What is being asked >>
Your task is to copy every line of the entries that contains "unfolding".

Records for this exercise >>
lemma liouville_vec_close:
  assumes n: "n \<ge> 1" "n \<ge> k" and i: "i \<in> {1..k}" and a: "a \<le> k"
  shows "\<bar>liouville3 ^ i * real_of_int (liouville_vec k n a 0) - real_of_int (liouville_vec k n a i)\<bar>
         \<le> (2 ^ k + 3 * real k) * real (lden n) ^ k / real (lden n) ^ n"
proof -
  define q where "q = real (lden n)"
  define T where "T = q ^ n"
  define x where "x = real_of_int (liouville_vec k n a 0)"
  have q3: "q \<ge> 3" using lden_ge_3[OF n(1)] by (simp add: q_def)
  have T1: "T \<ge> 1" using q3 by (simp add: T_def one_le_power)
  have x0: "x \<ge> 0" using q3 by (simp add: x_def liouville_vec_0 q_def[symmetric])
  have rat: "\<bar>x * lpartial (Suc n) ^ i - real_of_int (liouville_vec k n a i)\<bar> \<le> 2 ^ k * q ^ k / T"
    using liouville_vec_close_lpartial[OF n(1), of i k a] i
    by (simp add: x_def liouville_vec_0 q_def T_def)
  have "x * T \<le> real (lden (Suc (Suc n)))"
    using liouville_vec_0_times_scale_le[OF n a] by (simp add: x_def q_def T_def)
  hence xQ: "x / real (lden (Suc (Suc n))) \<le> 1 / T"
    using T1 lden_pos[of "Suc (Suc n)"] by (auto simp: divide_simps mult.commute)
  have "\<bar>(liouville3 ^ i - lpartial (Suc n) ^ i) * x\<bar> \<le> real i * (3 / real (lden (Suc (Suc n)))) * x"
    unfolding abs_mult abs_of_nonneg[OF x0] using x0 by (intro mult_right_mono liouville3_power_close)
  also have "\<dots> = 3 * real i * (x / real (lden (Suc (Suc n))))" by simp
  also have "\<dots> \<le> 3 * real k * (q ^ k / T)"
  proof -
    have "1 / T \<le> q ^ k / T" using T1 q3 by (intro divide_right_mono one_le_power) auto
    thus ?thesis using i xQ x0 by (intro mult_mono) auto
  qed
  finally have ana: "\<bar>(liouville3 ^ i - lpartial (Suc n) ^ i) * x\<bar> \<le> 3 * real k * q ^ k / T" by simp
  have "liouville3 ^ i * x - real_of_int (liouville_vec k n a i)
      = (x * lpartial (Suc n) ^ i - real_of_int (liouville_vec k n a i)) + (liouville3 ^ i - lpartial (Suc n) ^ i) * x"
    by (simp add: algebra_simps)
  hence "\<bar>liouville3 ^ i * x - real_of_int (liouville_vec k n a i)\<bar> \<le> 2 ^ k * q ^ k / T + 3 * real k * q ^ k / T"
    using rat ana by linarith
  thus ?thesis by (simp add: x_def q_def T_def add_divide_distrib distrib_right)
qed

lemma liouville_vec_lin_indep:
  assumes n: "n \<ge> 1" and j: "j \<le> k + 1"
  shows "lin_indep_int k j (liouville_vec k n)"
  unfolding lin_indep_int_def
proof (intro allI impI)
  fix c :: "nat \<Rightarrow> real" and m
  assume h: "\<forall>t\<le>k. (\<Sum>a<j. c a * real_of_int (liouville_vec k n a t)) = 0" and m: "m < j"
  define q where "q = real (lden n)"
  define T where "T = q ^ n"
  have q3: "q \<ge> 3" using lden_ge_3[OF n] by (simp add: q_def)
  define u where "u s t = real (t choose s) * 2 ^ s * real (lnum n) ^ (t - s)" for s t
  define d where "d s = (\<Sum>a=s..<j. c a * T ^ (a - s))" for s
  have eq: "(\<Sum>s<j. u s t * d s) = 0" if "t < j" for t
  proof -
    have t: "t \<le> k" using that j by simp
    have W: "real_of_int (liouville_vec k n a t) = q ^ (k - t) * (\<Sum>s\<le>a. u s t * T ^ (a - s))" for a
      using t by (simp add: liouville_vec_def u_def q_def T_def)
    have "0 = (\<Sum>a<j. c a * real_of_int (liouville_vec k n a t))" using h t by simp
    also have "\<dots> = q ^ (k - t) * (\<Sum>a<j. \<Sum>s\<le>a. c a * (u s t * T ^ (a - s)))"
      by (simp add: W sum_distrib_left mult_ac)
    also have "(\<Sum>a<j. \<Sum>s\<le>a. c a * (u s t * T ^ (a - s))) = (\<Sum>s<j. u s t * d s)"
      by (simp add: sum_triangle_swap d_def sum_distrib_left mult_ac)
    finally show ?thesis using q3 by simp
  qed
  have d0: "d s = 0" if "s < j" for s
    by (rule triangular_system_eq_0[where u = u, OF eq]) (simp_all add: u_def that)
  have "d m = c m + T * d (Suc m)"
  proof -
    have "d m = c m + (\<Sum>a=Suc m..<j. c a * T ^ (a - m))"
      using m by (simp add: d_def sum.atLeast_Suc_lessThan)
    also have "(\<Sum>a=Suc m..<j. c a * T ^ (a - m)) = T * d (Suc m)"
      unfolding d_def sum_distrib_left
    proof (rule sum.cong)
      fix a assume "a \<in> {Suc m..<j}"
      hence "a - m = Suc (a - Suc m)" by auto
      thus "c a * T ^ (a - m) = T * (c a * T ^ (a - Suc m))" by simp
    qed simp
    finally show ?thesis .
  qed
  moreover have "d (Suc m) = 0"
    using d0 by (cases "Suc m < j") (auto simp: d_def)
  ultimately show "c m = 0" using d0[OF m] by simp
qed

Answer to the exercise >>
    unfolding abs_mult abs_of_nonneg[OF x0] using x0 by (intro mult_right_mono liouville3_power_close)
  unfolding lin_indep_int_def
      unfolding d_def sum_distrib_left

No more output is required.